To do:
Restrict the output to the lines below starting at the one that contains "discrete_image \<Gamma> L R \<and>" and ending at the one that contains "(\<forall>a\<in>carrier \<Gamma>. \<forall>b\<in>carrier", and restate them word for word, both ends included.
** Extracted data follows **
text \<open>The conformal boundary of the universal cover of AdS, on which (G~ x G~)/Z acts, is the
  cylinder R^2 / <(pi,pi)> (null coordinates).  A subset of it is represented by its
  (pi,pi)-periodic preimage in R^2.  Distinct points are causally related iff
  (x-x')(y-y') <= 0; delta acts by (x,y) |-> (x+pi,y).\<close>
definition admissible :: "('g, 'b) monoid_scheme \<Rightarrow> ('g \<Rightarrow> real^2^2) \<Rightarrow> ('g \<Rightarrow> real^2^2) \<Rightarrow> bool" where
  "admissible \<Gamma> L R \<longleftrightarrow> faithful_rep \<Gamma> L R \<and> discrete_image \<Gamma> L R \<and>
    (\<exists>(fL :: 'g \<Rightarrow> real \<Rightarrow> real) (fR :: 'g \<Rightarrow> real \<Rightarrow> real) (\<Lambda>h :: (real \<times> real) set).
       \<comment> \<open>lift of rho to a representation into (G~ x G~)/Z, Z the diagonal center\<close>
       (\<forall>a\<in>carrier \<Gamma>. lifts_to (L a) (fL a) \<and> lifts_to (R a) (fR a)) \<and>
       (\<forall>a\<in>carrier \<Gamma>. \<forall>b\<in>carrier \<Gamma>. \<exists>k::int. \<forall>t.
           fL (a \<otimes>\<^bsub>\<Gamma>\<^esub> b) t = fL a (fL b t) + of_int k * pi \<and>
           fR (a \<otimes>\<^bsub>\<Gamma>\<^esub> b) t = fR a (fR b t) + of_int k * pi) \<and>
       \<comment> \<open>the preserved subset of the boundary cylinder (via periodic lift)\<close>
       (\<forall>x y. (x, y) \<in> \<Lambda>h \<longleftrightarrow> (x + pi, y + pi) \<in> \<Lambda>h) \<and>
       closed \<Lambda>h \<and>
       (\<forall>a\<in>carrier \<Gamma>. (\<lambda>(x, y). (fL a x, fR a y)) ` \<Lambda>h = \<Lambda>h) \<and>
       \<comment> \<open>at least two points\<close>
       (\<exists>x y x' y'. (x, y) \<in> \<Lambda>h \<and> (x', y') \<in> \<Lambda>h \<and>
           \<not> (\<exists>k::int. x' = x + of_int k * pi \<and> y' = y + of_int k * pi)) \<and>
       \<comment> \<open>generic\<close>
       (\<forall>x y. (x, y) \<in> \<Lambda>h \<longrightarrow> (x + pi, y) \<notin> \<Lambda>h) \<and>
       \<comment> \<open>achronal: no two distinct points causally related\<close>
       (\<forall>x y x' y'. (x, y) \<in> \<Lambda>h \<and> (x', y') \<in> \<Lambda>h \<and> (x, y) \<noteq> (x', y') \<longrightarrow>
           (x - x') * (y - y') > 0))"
** End of Extracted data **
Answer space:
  "admissible \<Gamma> L R \<longleftrightarrow> faithful_rep \<Gamma> L R \<and> discrete_image \<Gamma> L R \<and>
    (\<exists>(fL :: 'g \<Rightarrow> real \<Rightarrow> real) (fR :: 'g \<Rightarrow> real \<Rightarrow> real) (\<Lambda>h :: (real \<times> real) set).
       \<comment> \<open>lift of rho to a representation into (G~ x G~)/Z, Z the diagonal center\<close>
       (\<forall>a\<in>carrier \<Gamma>. lifts_to (L a) (fL a) \<and> lifts_to (R a) (fR a)) \<and>
       (\<forall>a\<in>carrier \<Gamma>. \<forall>b\<in>carrier \<Gamma>. \<exists>k::int. \<forall>t.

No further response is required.